Unfortunately, that’s not what happened. I had an inkling something was up when I saw that an ironing board had remained on stage despite the time it had gotten to. On came the support band, Morton Valence. They sang about notions and oceans and to be honest, I didn’t enjoy it. Once the megaphone had been brought out towards the end of the first song, I was pretty sure it couldn’t get more hysterically awkward. When their frontman, Bob of Morden (who was correct about one thing: if you’ve never been to Morden, don’t bother going) announced they were onto their last song, a sense of relief had filled the soul of not just myself but the uncomfortable faces of others around me.
Inconspicuously enters Kevin Devine, electro-acoustic guitar in tow. A slow silence filled the room as he began to sing Brother’s Blood, a song from his latest album of the same name. The change of tone in his voice had definitely caught the attention of those still at the bar.

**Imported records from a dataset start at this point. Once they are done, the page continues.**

lemma multilinear_deriv_has_real_derivative:
  assumes "finite I" "K \<subseteq> I"
    and "\<And>r. r \<in> I - K \<Longrightarrow> ((\<lambda>t. y t r) has_real_derivative y' r) (at t)"
  shows "((\<lambda>t. multilinear_deriv I g K (y t)) has_real_derivative
           (\<Sum>r\<in>I - K. y' r * multilinear_deriv I g (insert r K) (y t))) (at t)"
proof -
  let ?m = "\<lambda>v s t. (1 + v s * y t s) / 2"
  let ?P = "\<lambda>v K. \<Prod>s\<in>K. v s / 2"
  let ?Q = "\<lambda>v K. \<Prod>s\<in>I - K. ?m v s t"
  have "finite K"
    using assms(1,2) finite_subset by blast
  have factor_deriv: "((\<lambda>t. ?m v r t) has_real_derivative v r * y' r / 2) (at t)" if "r \<in> I - K" for v r
    using assms(3)[OF that] by (auto intro!: derivative_eq_intros)
  have "((\<lambda>t. \<Prod>s\<in>I - K. ?m v s t) has_real_derivative
      (\<Sum>r\<in>I - K. v r * y' r / 2 * (\<Prod>s\<in>I - K - {r}. ?m v s t))) (at t)" for v
    by (rule has_field_derivative_prod[where f = "\<lambda>s t. ?m v s t" and f' = "\<lambda>r. v r * y' r / 2"])
       (rule factor_deriv)
  then have "((\<lambda>t. multilinear_deriv I g K (y t)) has_real_derivative
      (\<Sum>v\<in>cube I. g v * (?P v K * (\<Sum>r\<in>I - K. v r * y' r / 2 * (\<Prod>s\<in>I - K - {r}. ?m v s t))))) (at t)"
    unfolding multilinear_deriv_def by (intro DERIV_sum DERIV_cmult)
  also have "(\<Sum>v\<in>cube I. g v * (?P v K * (\<Sum>r\<in>I - K. v r * y' r / 2 * (\<Prod>s\<in>I - K - {r}. ?m v s t))))
      = (\<Sum>v\<in>cube I. \<Sum>r\<in>I - K. y' r * (g v * (?P v (insert r K) * ?Q v (insert r K))))"
  proof -
    have factor: "?P v K * (v r * y' r / 2 * (\<Prod>s\<in>I - K - {r}. ?m v s t))
        = y' r * (?P v (insert r K) * ?Q v (insert r K))" if "r \<in> I - K" for v r
    proof -
      have "I - insert r K = I - K - {r}"
        by blast
      with \<open>finite K\<close> that show ?thesis
        by (simp add: mult_ac)
    qed
    show ?thesis
      unfolding sum_distrib_left by (intro sum.cong refl) (simp only: factor mult.left_commute)
  qed
  also have "\<dots> = (\<Sum>r\<in>I - K. y' r * multilinear_deriv I g (insert r K) (y t))"
    unfolding multilinear_deriv_def by (subst sum.swap) (simp add: sum_distrib_left)
  finally show ?thesis .
qed

lemma multilinear_deriv_cong:
  assumes "\<And>r. r \<in> I \<Longrightarrow> y r = y' r"
  shows "multilinear_deriv I g K y = multilinear_deriv I g K y'"
proof -
  have "(\<Prod>r\<in>I - K. (1 + v r * y r) / 2) = (\<Prod>r\<in>I - K. (1 + v r * y' r) / 2)" for v
    using assms by (intro prod.cong refl) auto
  then show ?thesis
    by (simp add: multilinear_deriv_def)
qed

lemma multilinear_ext_eq_fun_upd:
  assumes "finite I" "r \<in> I"
  shows "multilinear_deriv I g {} y
           = multilinear_deriv I g {} (y(r := 0)) + y r * multilinear_deriv I g {r} y"
proof -
  define R where "R v = (\<Prod>s\<in>I - {r}. (1 + v s * y s) / 2)" for v
  have "(\<Prod>s\<in>I. (1 + v s * y s) / 2) = (1 + v r * y r) / 2 * R v" for v
    unfolding R_def using assms by (rule prod.remove)
  moreover have "(\<Prod>s\<in>I. (1 + v s * (y(r := 0)) s) / 2) = 1 / 2 * R v" for v
  proof -
    have "(\<Prod>s\<in>I - {r}. (1 + v s * (y(r := 0)) s) / 2) = R v"
      unfolding R_def by (intro prod.cong refl) auto
    then show ?thesis
      using prod.remove[OF assms, of "\<lambda>s. (1 + v s * (y(r := 0)) s) / 2"] by simp
  qed
  ultimately have "g v * (1 * (\<Prod>s\<in>I. (1 + v s * y s) / 2))
      = g v * (1 * (\<Prod>s\<in>I. (1 + v s * (y(r := 0)) s) / 2)) + y r * (g v * (v r / 2 * R v))" for v
    by (simp add: field_simps)
  then show ?thesis
    by (simp add: multilinear_deriv_def R_def sum.distrib sum_distrib_left)
qed

lemma multilinear_deriv_singleton_eq_0:
  assumes "finite I" "r \<in> I" "\<forall>v\<in>cube I. g (v(r := - v r)) = g v"
  shows "multilinear_deriv I g {r} y = 0"
proof -
  define flip where "flip v = v(r := - v r)" for v :: "'a \<Rightarrow> real"
  define R where "R v = (\<Prod>s\<in>I - {r}. (1 + v s * y s) / 2)" for v
  have R_flip: "R (v(r := - v r)) = R v" for v
    unfolding R_def by (intro prod.cong refl) auto
  have "multilinear_deriv I g {r} y = (\<Sum>v\<in>cube I. g v * (v r / 2 * R v))"
    by (simp add: multilinear_deriv_def R_def)
  also have "\<dots> = (\<Sum>v\<in>cube I. g (flip v) * (flip v r / 2 * R (flip v)))"
    by (rule sum.reindex_bij_witness[where i = flip and j = flip])
       (auto simp: flip_def cube_flip assms(2))
  also have "\<dots> = - (\<Sum>v\<in>cube I. g v * (v r / 2 * R v))"
    using assms(3) by (simp add: R_flip flip_def sum_negf[symmetric])
  finally show ?thesis
    by (simp add: multilinear_deriv_def R_def)
qed

lemma multilinear_ext_eq_zero_irrelevant:
  assumes "finite I" "K \<subseteq> I" "\<forall>r\<in>K. \<forall>v\<in>cube I. g (v(r := - v r)) = g v"
    and "\<forall>r\<in>I - K. y' r = y r" "\<forall>r\<in>K. y' r = 0"
  shows "multilinear_deriv I g {} y' = multilinear_deriv I g {} y"
proof -
  have "finite K"
    using assms(1,2) finite_subset by blast
  then show ?thesis
    using assms(2-)
  proof (induction K arbitrary: y' rule: finite_induct)
    case empty
    then show ?case by (intro multilinear_deriv_cong) auto
  next
    case (insert r K)
    define y'' where "y'' = y'(r := y r)"
    have "multilinear_deriv I g {} y'' = multilinear_deriv I g {} y"
    proof (rule insert.IH)
      show "K \<subseteq> I" "\<forall>s\<in>K. \<forall>v\<in>cube I. g (v(s := - v s)) = g v"
        using insert.prems(1,2) by blast+
      show "\<forall>s\<in>I - K. y'' s = y s" "\<forall>s\<in>K. y'' s = 0"
        using insert.prems(3,4) insert.hyps(2) by (auto simp: y''_def)
    qed
    moreover have "y''(r := 0) = y'"
      using insert.prems by (auto simp: y''_def)
    moreover have "multilinear_deriv I g {r} y'' = 0"
      using insert.prems(1,2) by (intro multilinear_deriv_singleton_eq_0[OF assms(1)]) blast+
    ultimately show ?case
      using multilinear_ext_eq_fun_upd[OF assms(1), of r g y''] insert.prems by auto
  qed
qed

lemma abs_mult_le_of_abs_le_1: "\<bar>x\<bar> \<le> X \<Longrightarrow> \<bar>m\<bar> \<le> 1 \<Longrightarrow> \<bar>x * m\<bar> \<le> (X :: real)"
  using mult_left_le[of "\<bar>m\<bar>" "\<bar>x\<bar>"] by (simp add: abs_mult)

lemma abs_sum_multilinear_deriv_le:
  assumes "finite I" "\<forall>v\<in>cube I. \<bar>g v\<bar> \<le> 1" "\<forall>r\<in>I. \<bar>y r\<bar> \<le> 1" "\<forall>r\<in>I. \<bar>z r\<bar> \<le> Z r"
  shows "\<bar>\<Sum>r\<in>I. z r * multilinear_deriv I g {r} y\<bar> \<le> sum Z I"
proof (rule order_trans[OF sum_abs sum_mono])
  fix r assume "r \<in> I"
  with assms show "\<bar>z r * multilinear_deriv I g {r} y\<bar> \<le> Z r"
    by (intro abs_mult_le_of_abs_le_1 abs_multilinear_deriv_le_1) auto
qed

lemma abs_sum_multilinear_deriv2_le:
  assumes "finite I" "\<forall>v\<in>cube I. \<bar>g v\<bar> \<le> 1" "\<forall>r\<in>I. \<bar>y r\<bar> \<le> 1"
    and "\<forall>r\<in>I. \<bar>z r\<bar> \<le> Z r" "\<forall>r\<in>I. \<bar>x r\<bar> \<le> X r" "\<forall>r\<in>I. \<bar>z' r\<bar> \<le> Z r * X r"
  shows "\<bar>\<Sum>r\<in>I. z r * (\<Sum>s\<in>I - {r}. x s * multilinear_deriv I g (insert s {r}) y)
            + z' r * multilinear_deriv I g {r} y\<bar>
         \<le> sum Z I * sum X I"
proof -
  have "\<bar>z r * (\<Sum>s\<in>I - {r}. x s * multilinear_deriv I g (insert s {r}) y)
          + z' r * multilinear_deriv I g {r} y\<bar>
        \<le> Z r * (\<Sum>s\<in>I - {r}. X s) + Z r * X r" if r: "r \<in> I" for r
  proof -
    have "\<bar>\<Sum>s\<in>I - {r}. x s * multilinear_deriv I g (insert s {r}) y\<bar> \<le> (\<Sum>s\<in>I - {r}. X s)"
    proof (rule order_trans[OF sum_abs sum_mono])
      fix s assume "s \<in> I - {r}"
      with assms r show "\<bar>x s * multilinear_deriv I g (insert s {r}) y\<bar> \<le> X s"
        by (intro abs_mult_le_of_abs_le_1 abs_multilinear_deriv_le_1) auto
    qed
    moreover have "\<bar>z r\<bar> \<le> Z r"
      using assms(4) r by blast
    ultimately have "\<bar>z r\<bar> * \<bar>\<Sum>s\<in>I - {r}. x s * multilinear_deriv I g (insert s {r}) y\<bar>
        \<le> Z r * (\<Sum>s\<in>I - {r}. X s)"
      by (intro mult_mono') simp_all
    moreover have "\<bar>z' r * multilinear_deriv I g {r} y\<bar> \<le> Z r * X r"
      using assms r by (intro abs_mult_le_of_abs_le_1 abs_multilinear_deriv_le_1) auto
    ultimately show ?thesis
      using abs_triangle_ineq[of "z r * (\<Sum>s\<in>I - {r}. x s * multilinear_deriv I g (insert s {r}) y)"
          "z' r * multilinear_deriv I g {r} y"]
      unfolding abs_mult by linarith
  qed
  then have "\<bar>\<Sum>r\<in>I. z r * (\<Sum>s\<in>I - {r}. x s * multilinear_deriv I g (insert s {r}) y)
            + z' r * multilinear_deriv I g {r} y\<bar>
         \<le> (\<Sum>r\<in>I. Z r * (\<Sum>s\<in>I - {r}. X s) + Z r * X r)"
    by (intro order_trans[OF sum_abs sum_mono]) auto
  also have "\<dots> = (\<Sum>r\<in>I. Z r * sum X I)"
    using assms(1) by (intro sum.cong refl) (simp add: sum.remove distrib_left)
  finally show ?thesis
    by (simp add: sum_distrib_right)
qed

The night consisted of a nice routine: he’d play a few songs, stop to ask the crowd how they’re doing, possibly tell a woman (who obviously had a tipple too many) “Okay …That’s nice.” in response to her outbreaks of ‘I love you!’ and ‘Your girlfriend is over here!’, play more songs, so on and so forth. A nice selection of songs had been sang from his famous Go Haunt Someone Else to new tracks such as Yr Husband.
No one – not even Kevin – quite knew when the show was meant to end, but it was called quits once it had hit 11:15pm. Even then, a few steps off the stage, he looked around and had a sorrowful look about him. Going back on stage, a harmonious “What the fuck?” chatter came about everyone. He then proceeded to apologise for not playing the requests people had emailed in to play, but his Catholicism had made him feel guilty and began to sing a couple more songs.
Usually, after standing for so long, constant whines of “My back hurts.” would have befallen me, however, no one seemed to care about their bodies (more than half of the crowd had indulged in an alcoholic beverage or two, anyway). I had stood for a little over two hours in complete awe of one humble man and his guitar. Without a doubt, I would have done it again.